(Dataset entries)

===

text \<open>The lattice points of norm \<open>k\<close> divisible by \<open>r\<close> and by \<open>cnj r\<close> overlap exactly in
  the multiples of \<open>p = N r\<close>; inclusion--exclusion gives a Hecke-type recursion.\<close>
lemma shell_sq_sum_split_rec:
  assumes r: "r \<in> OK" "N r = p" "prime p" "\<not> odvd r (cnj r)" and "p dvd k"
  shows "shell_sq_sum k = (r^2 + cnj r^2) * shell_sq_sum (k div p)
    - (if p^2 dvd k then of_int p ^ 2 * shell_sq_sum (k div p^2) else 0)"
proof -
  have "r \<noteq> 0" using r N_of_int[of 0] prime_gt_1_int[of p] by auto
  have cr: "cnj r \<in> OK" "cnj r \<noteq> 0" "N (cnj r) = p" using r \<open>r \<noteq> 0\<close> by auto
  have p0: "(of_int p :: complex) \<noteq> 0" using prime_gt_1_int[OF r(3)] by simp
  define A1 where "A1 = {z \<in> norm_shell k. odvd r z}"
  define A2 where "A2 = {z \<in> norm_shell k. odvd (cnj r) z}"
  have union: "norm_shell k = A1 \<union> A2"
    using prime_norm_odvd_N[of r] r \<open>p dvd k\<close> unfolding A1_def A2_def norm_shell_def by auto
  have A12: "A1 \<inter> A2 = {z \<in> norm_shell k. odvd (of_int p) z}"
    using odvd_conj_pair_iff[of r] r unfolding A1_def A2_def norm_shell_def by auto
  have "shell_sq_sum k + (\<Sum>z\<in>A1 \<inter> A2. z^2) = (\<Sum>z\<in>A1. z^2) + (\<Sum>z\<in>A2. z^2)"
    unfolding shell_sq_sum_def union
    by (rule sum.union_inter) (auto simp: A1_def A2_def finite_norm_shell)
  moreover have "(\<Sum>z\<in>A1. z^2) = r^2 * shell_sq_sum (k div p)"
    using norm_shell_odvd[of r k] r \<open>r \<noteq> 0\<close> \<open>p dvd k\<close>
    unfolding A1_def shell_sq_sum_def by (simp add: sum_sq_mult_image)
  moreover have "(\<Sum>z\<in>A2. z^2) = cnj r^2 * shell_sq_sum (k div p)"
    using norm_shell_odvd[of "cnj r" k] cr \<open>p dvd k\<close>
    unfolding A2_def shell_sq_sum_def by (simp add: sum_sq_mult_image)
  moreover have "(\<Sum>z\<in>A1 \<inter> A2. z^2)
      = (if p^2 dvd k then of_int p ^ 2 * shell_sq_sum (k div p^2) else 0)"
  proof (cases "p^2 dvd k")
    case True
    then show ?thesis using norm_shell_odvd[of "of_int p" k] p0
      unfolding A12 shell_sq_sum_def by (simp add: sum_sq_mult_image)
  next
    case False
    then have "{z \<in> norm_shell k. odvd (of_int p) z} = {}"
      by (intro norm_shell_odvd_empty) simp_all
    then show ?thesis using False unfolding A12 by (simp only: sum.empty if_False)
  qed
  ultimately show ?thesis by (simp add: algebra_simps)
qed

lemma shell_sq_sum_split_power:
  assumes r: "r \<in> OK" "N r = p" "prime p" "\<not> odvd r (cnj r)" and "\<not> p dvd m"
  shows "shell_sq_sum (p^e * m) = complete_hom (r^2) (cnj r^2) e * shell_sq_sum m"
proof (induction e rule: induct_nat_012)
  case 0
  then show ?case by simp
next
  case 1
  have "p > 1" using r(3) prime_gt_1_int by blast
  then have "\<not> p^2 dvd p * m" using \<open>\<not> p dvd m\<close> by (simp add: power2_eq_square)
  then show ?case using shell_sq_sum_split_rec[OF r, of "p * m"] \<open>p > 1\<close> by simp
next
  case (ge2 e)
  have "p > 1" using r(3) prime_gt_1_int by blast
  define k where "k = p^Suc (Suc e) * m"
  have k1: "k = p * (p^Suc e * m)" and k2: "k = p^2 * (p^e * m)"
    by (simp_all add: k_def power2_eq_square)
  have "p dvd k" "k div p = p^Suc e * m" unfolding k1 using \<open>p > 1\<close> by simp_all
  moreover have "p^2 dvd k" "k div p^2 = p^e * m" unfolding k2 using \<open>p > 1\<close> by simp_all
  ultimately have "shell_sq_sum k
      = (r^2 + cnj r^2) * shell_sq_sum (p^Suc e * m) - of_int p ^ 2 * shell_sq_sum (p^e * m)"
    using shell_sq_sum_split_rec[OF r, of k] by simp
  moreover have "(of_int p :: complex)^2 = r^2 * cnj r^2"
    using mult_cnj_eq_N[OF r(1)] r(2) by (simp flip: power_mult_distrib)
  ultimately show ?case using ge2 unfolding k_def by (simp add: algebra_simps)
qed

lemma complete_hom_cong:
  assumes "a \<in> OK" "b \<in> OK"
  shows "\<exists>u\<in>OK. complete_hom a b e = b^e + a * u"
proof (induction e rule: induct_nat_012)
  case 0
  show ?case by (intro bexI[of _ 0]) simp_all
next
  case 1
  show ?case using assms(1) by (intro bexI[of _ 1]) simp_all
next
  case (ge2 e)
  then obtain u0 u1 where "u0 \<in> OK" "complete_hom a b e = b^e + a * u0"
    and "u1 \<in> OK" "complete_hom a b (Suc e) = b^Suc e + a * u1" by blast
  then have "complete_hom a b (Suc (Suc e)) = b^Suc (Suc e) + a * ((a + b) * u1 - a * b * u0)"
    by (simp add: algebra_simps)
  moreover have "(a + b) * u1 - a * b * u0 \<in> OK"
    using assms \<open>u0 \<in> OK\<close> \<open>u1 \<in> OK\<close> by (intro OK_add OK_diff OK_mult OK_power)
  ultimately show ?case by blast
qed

===

Every line in the records above that contains the word "where" is to be copied out.

TASK SOLUTION -
  define A1 where "A1 = {z \<in> norm_shell k. odvd r z}"
  define A2 where "A2 = {z \<in> norm_shell k. odvd (cnj r) z}"
  define k where "k = p^Suc (Suc e) * m"
  then obtain u0 u1 where "u0 \<in> OK" "complete_hom a b e = b^e + a * u0"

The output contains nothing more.